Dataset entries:
= = = = = = =

(* For every $[Q]\in\mathcal{Q}_+/\mathrm{SL}_2(\mathbb{Z})$ we have $\mathbb{M}(W(Q))=\mathbb{M}(Q)$. Conversely, for every primitive word $W\in\{L,R\}^*_{\mathrm{prim}}\setminus\{L,R\}$ there exists $Q\in\mathcal{Q}_+$ such that $\mathbb{M}(W)=\mathbb{M}(Q)$.
   Context: $\mathcal{Q}_+$ is the set of integral binary quadratic forms $Q(x,y)=ax^2+bxy+cy^2$ with discriminant $D=b^2-4ac>0$ not a perfect square, with the action of $\mathrm{SL}_2(\mathbb{Z})$ by $(Q\circ\gamma)(x,y)=Q(\alpha x+\beta y,\gamma x+\delta y)$. Put $w_Q=\frac{-b+\sqrt{D}}{2a}$ and write its regular continued fraction as $w_Q=[a_1,\dots,a_{2k},\overline{c_1,\dots,c_{2\ell}}]$ with even-length pre-period and minimal even period (if the minimal period $(c_1,\dots,c_m)$ has odd length $m$, use the doubled block of length $2m$). $W(Q)=L^{c_1}R^{c_2}\cdots L^{c_{2\ell-1}}R^{c_{2\ell}}$, a primitive word well defined up to cyclic permutation. $\{L,R\}^*_{\mathrm{prim}}$ is the set of finite nonempty primitive words (not a proper power of a shorter word) over $\{L,R\}$. Modular braid of a word: for $W\in\{L,R\}^*_{\mathrm{prim}}$ of length $m\ge2$, with $\mathrm{cyc}$ moving the first letter to the end, let $\mathrm{rank}_j(W)$ ($1\le j\le m$) be the rank of $\mathrm{cyc}^{j-1}(W)$ among the (distinct) cyclic permutations of $W$ in ascending lexicographic order with $L<R$, and $\mathrm{rank}_{m+1}(W)=\mathrm{rank}_1(W)$. $\mathbb{M}(W)$ is the $m$-strand braid joining the $\mathrm{rank}_j(W)$-th top point to the $\mathrm{rank}_{j+1}(W)$-th bottom point by straight segments ($1\le j\le m$), the strand from a top point whose cyclic permutation begins with $L$ passing over one whose cyclic permutation begins with $R$ at each crossing. Modular braid of a form: replacing $L$ by $0$ and $R$ by $1$ in (a cyclic permutation of) $W(Q)$ gives a rational number $x=0.\overline{0^{c_1}1^{c_2}\cdots0^{c_{2\ell-1}}1^{c_{2\ell}}}_{(2)}\in[0,1]$ in binary. Let $\mathrm{Ber}(y)=2y \bmod 1$ on $[0,1]$; the orbit of $x$ under $\mathrm{Ber}$ is periodic with period $n$ equal to the length of $W(Q)$. Place copies of $[0,1]$ on a top and a bottom line, and for each point $y$ of the orbit join $y$ on top to $\mathrm{Ber}(y)$ on the bottom by a straight segment, so that at each crossing the segment starting in $[0,1/2]$ passes over the segment starting in $[1/2,1]$. The resulting $n$-strand positive braid (points ordered by their position in $[0,1]$) is $\mathbb{M}(Q)$; it does not depend on the choice of cyclic permutation. *)

theory Defs
  imports Complex_Main
begin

= = = = = = =

What is expected: A complete, exact copy of the records is what is needed.

Answer box:
(* For every $[Q]\in\mathcal{Q}_+/\mathrm{SL}_2(\mathbb{Z})$ we have $\mathbb{M}(W(Q))=\mathbb{M}(Q)$. Conversely, for every primitive word $W\in\{L,R\}^*_{\mathrm{prim}}\setminus\{L,R\}$ there exists $Q\in\mathcal{Q}_+$ such that $\mathbb{M}(W)=\mathbb{M}(Q)$.
   Context: $\mathcal{Q}_+$ is the set of integral binary quadratic forms $Q(x,y)=ax^2+bxy+cy^2$ with discriminant $D=b^2-4ac>0$ not a perfect square, with the action of $\mathrm{SL}_2(\mathbb{Z})$ by $(Q\circ\gamma)(x,y)=Q(\alpha x+\beta y,\gamma x+\delta y)$. Put $w_Q=\frac{-b+\sqrt{D}}{2a}$ and write its regular continued fraction as $w_Q=[a_1,\dots,a_{2k},\overline{c_1,\dots,c_{2\ell}}]$ with even-length pre-period and minimal even period (if the minimal period $(c_1,\dots,c_m)$ has odd length $m$, use the doubled block of length $2m$). $W(Q)=L^{c_1}R^{c_2}\cdots L^{c_{2\ell-1}}R^{c_{2\ell}}$, a primitive word well defined up to cyclic permutation. $\{L,R\}^*_{\mathrm{prim}}$ is the set of finite nonempty primitive words (not a proper power of a shorter word) over $\{L,R\}$. Modular braid of a word: for $W\in\{L,R\}^*_{\mathrm{prim}}$ of length $m\ge2$, with $\mathrm{cyc}$ moving the first letter to the end, let $\mathrm{rank}_j(W)$ ($1\le j\le m$) be the rank of $\mathrm{cyc}^{j-1}(W)$ among the (distinct) cyclic permutations of $W$ in ascending lexicographic order with $L<R$, and $\mathrm{rank}_{m+1}(W)=\mathrm{rank}_1(W)$. $\mathbb{M}(W)$ is the $m$-strand braid joining the $\mathrm{rank}_j(W)$-th top point to the $\mathrm{rank}_{j+1}(W)$-th bottom point by straight segments ($1\le j\le m$), the strand from a top point whose cyclic permutation begins with $L$ passing over one whose cyclic permutation begins with $R$ at each crossing. Modular braid of a form: replacing $L$ by $0$ and $R$ by $1$ in (a cyclic permutation of) $W(Q)$ gives a rational number $x=0.\overline{0^{c_1}1^{c_2}\cdots0^{c_{2\ell-1}}1^{c_{2\ell}}}_{(2)}\in[0,1]$ in binary. Let $\mathrm{Ber}(y)=2y \bmod 1$ on $[0,1]$; the orbit of $x$ under $\mathrm{Ber}$ is periodic with period $n$ equal to the length of $W(Q)$. Place copies of $[0,1]$ on a top and a bottom line, and for each point $y$ of the orbit join $y$ on top to $\mathrm{Ber}(y)$ on the bottom by a straight segment, so that at each crossing the segment starting in $[0,1/2]$ passes over the segment starting in $[1/2,1]$. The resulting $n$-strand positive braid (points ordered by their position in $[0,1]$) is $\mathbb{M}(Q)$; it does not depend on the choice of cyclic permutation. *)

theory Defs
  imports Complex_Main
begin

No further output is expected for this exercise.